▶ **Requirement**
Look for the string "imports" in the listing below and copy every line in which it appears.

▶ **Material for this task**

(* Let $w_1,\dots,w_k\in\mathbb{R}^n$ be unit vectors, $f(x)=\bigwedge_{i=1}^k\mathrm{sign}(w_i\cdot x)$, and $\rho>0$. Let $\mathbf{P},\mathbf{N}$ be finite subsets of the unit sphere $\mathbb{S}^{n-1}$ with $f(x)=1$ for all $x\in\mathbf{P}$, and let \[\mathcal{H}=\{w\in\mathbb{R}^{n+1}:\|w\|_2\le1,\ w\cdot(x,1)\ge0\ \forall x\in\mathbf{P},\ w\cdot(x,1)\le0\ \forall x\in\mathbf{N}\}.\] If $w_1\cdot x<-\rho$ for all $x\in\mathbf{N}$, then \[|\mathcal{H}|\ge\left(\frac{\rho}{3(1+\rho)}\right)^{n+1}|B_2^n|,\] where $|\cdot|$ denotes Lebesgue volume (in the respective dimension) and $B_2^n=\{w\in\mathbb{R}^n:\|w\|_2\le1\}$. Moreover, $\mathcal{H}$ contains a ball of radius $\frac{\rho}{6(1+\rho)}$.
   Context: $f(x)=1$ iff $w_i\cdot x>0$ for all $i\in[k]$, and $f(x)=-1$ otherwise. *)

theory Defs
  imports "HOL-Analysis.Analysis"
begin

definition halfspace_intersection :: "(nat \<Rightarrow> 'a::real_inner) \<Rightarrow> nat \<Rightarrow> 'a \<Rightarrow> int" where
  "halfspace_intersection w k x = (if (\<forall>i\<in>{1..k}. w i \<bullet> x > 0) then 1 else -1)"

text \<open>The version space H in R^{n+1}, with R^{n+1} represented as 'a \<times> real;
  w . (x,1) is the inner product on the product type.\<close>
definition version_space :: "'a::euclidean_space set \<Rightarrow> 'a set \<Rightarrow> ('a \<times> real) set" where
  "version_space P N = {w. norm w \<le> 1 \<and> (\<forall>x\<in>P. w \<bullet> (x, 1) \<ge> 0) \<and> (\<forall>x\<in>N. w \<bullet> (x, 1) \<le> 0)}"

end

theory Submission
  imports Defs
begin

text \<open>
  Scale the first normal down to \<open>c = w\<^sub>1 / (1 + \<rho>)\<close> and put \<open>q = \<rho> / (3 (1 + \<rho>))\<close>, so that
  \<open>\<parallel>c\<parallel> + 3q = 1\<close> and \<open>c \<bullet> x \<le> -3q\<close> on \<open>N\<close>, while \<open>c \<bullet> x \<ge> 0\<close> on \<open>P\<close>. Perturbing \<open>c\<close> by at
  most \<open>q\<close> changes \<open>c \<bullet> x\<close> by at most \<open>q\<close> on the unit sphere, so every \<open>(y, t)\<close> with
  \<open>\<parallel>y - c\<parallel> \<le> q\<close> and \<open>q \<le> t \<le> 2q\<close> lies in the version space. This cylinder has volume
  \<open>q\<^sup>n |B\<^sub>2\<^sup>n| \<cdot> q\<close> and contains the ball of radius \<open>q/2\<close> around \<open>(c, 3q/2)\<close>.
\<close>

lemma halfspace_intersection_eq_1_iff:
  "halfspace_intersection w k x = 1 \<longleftrightarrow> (\<forall>i\<in>{1..k}. 0 < w i \<bullet> x)"
  by (simp add: halfspace_intersection_def)

lemma compact_version_space: "compact (version_space P N)"
proof -
  have "version_space P N =
      cball 0 1 \<inter> (\<Inter>x\<in>P. {z. 0 \<le> z \<bullet> (x, 1)}) \<inter> (\<Inter>x\<in>N. {z. z \<bullet> (x, 1) \<le> 0})"
    by (auto simp: version_space_def)
  moreover have "closed {z. 0 \<le> z \<bullet> c}" "closed {z. z \<bullet> c \<le> 0}" for c :: "'a \<times> real"
    by (intro closed_Collect_le continuous_intros)+
  ultimately show ?thesis
    by (simp add: compact_Int_closed closed_INT closed_Int)
qed

lemma measure_lborel_Times:
  fixes A :: "'a::euclidean_space set" and B :: "'b::euclidean_space set"
  assumes "A \<in> sets lborel" "B \<in> sets lborel"
  shows "measure lborel (A \<times> B) = measure lborel A * measure lborel B"
proof -
  have "emeasure lborel (A \<times> B) = emeasure (lborel \<Otimes>\<^sub>M lborel) (A \<times> B)"
    by (simp add: lborel_prod)
  also have "\<dots> = emeasure lborel A * emeasure lborel B"
    using assms by (simp add: lborel.emeasure_pair_measure_Times)
  finally show ?thesis
    by (simp add: measure_def enn2real_mult)
qed

lemma cylinder_subset_version_space:
  fixes v :: "'a::euclidean_space" and \<rho> :: real
  assumes "norm v \<le> 1" "\<rho> \<ge> 0" "P \<subseteq> cball 0 1" "N \<subseteq> cball 0 1"
    and "\<forall>x\<in>P. 0 \<le> v \<bullet> x" "\<forall>x\<in>N. v \<bullet> x \<le> - \<rho>"
  defines "q \<equiv> \<rho> / (3 * (1 + \<rho>))"
  shows "cball (v /\<^sub>R (1 + \<rho>)) q \<times> {q..2 * q} \<subseteq> version_space P N"
proof clarify
  fix y t
  assume y: "y \<in> cball (v /\<^sub>R (1 + \<rho>)) q" and t: "t \<in> {q..2 * q}"
  define s where "s = 1 / (1 + \<rho>)"
  have "1 + \<rho> > 0"
    using \<open>\<rho> \<ge> 0\<close> by simp
  moreover have "3 * q = \<rho> / (1 + \<rho>)"
    using calculation by (simp add: q_def field_simps)
  ultimately have s: "s \<ge> 0" "s + 3 * q = 1" "s * \<rho> = 3 * q"
    by (simp_all add: s_def field_simps)
  have c: "v /\<^sub>R (1 + \<rho>) = s *\<^sub>R v"
    by (simp add: s_def divide_inverse_commute)
  have "norm y \<le> norm (s *\<^sub>R v) + norm (y - s *\<^sub>R v)"
    by (metis norm_triangle_sub)
  also have "\<dots> \<le> s + q"
    using y s(1) \<open>norm v \<le> 1\<close> c
    by (intro add_mono) (auto simp: dist_norm norm_minus_commute mult_left_le)
  finally have "norm (y, t) \<le> 1"
    using norm_Pair_le[of y t] t s(2) by auto
  have inner_y: "s * (v \<bullet> x) - q \<le> y \<bullet> x \<and> y \<bullet> x \<le> s * (v \<bullet> x) + q" if "norm x \<le> 1" for x
  proof -
    have "\<bar>(y - s *\<^sub>R v) \<bullet> x\<bar> \<le> norm (y - s *\<^sub>R v) * norm x"
      by (rule Cauchy_Schwarz_ineq2)
    also have "\<dots> \<le> norm (y - s *\<^sub>R v)"
      using that by (simp add: mult_left_le)
    also have "\<dots> \<le> q"
      using y c by (simp add: dist_norm norm_minus_commute)
    finally show ?thesis
      by (simp add: inner_diff_left abs_le_iff)
  qed
  have "0 \<le> (y, t) \<bullet> (x, 1)" if "x \<in> P" for x
  proof -
    have "0 \<le> s * (v \<bullet> x)" using that assms(5) s(1) by simp
    then show ?thesis using inner_y[of x] that assms(3) t by auto
  qed
  moreover have "(y, t) \<bullet> (x, 1) \<le> 0" if "x \<in> N" for x
  proof -
    have "s * (v \<bullet> x) \<le> - (s * \<rho>)"
      using mult_left_mono[OF assms(6)[rule_format, OF that] s(1)] by simp
    then show ?thesis using inner_y[of x] that assms(4) t s(3) by auto
  qed
  ultimately show "(y, t) \<in> version_space P N"
    using \<open>norm (y, t) \<le> 1\<close> by (simp add: version_space_def)
qed

lemma cball_Pair_subset_Times:
  fixes t :: real
  shows "cball (a, t) r \<subseteq> cball a r \<times> {t - r..t + r}"
proof clarify
  fix y u assume "(y, u) \<in> cball (a, t) r"
  then have "dist a y \<le> r" "dist t u \<le> r"
    using dist_fst_le[of "(a, t)" "(y, u)"] dist_snd_le[of "(a, t)" "(y, u)"] by auto
  then show "y \<in> cball a r \<and> u \<in> {t - r..t + r}"
    by (auto simp: dist_real_def)
qed

theorem lemma3p3:
  fixes w :: "nat \<Rightarrow> 'a::euclidean_space" and k :: nat and \<rho> :: real
    and P N :: "'a set"
  assumes "k \<ge> 1"
    and "\<forall>i\<in>{1..k}. norm (w i) = 1"
    and "\<rho> > 0"
    and "finite P" and "P \<subseteq> sphere 0 1"
    and "finite N" and "N \<subseteq> sphere 0 1"
    and "\<forall>x\<in>P. halfspace_intersection w k x = 1"
    and "\<forall>x\<in>N. w 1 \<bullet> x < - \<rho>"
  shows "measure lborel (version_space P N)
           \<ge> (\<rho> / (3 * (1 + \<rho>))) ^ (DIM('a) + 1) * measure lborel (cball (0::'a) 1)
         \<and> (\<exists>c. cball c (\<rho> / (6 * (1 + \<rho>))) \<subseteq> version_space P N)"
proof -
  define q where "q = \<rho> / (3 * (1 + \<rho>))"
  define c where "c = w 1 /\<^sub>R (1 + \<rho>)"
  have "q > 0"
    using \<open>\<rho> > 0\<close> by (simp add: q_def)
  have "\<forall>x\<in>P. 0 \<le> w 1 \<bullet> x"
    using assms(1,8) by (auto simp: halfspace_intersection_eq_1_iff less_imp_le)
  then have cylinder: "cball c q \<times> {q..2 * q} \<subseteq> version_space P N"
    unfolding c_def q_def
    using assms(1-3,5,7,9) by (intro cylinder_subset_version_space) (auto simp: less_imp_le)
  have "q ^ (DIM('a) + 1) * measure lborel (cball (0::'a) 1)
      = measure lborel (cball c q \<times> {q..2 * q})"
    using \<open>q > 0\<close> by (simp add: measure_lborel_Times content_cball)
  also have "\<dots> \<le> measure lborel (version_space P N)"
    using cylinder compact_version_space
    by (intro measure_mono_fmeasurable fmeasurable_compact) (auto intro: borel_closed closed_Times)
  finally have volume:
    "q ^ (DIM('a) + 1) * measure lborel (cball (0::'a) 1) \<le> measure lborel (version_space P N)" .
  have "cball (c, 3 * q / 2) (q / 2) \<subseteq> cball c (q / 2) \<times> {q..2 * q}"
    using cball_Pair_subset_Times[of c "3 * q / 2" "q / 2"] by simp
  also have "\<dots> \<subseteq> cball c q \<times> {q..2 * q}"
    using \<open>q > 0\<close> by (intro Sigma_mono) auto
  also note cylinder
  finally have "cball (c, 3 * q / 2) (q / 2) \<subseteq> version_space P N" .
  moreover have "\<rho> / (6 * (1 + \<rho>)) = q / 2"
    by (simp add: q_def)
  ultimately show ?thesis
    using volume unfolding q_def[symmetric] by metis
qed

end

▶ **Answer to this exercise**
  imports "HOL-Analysis.Analysis"
  imports Defs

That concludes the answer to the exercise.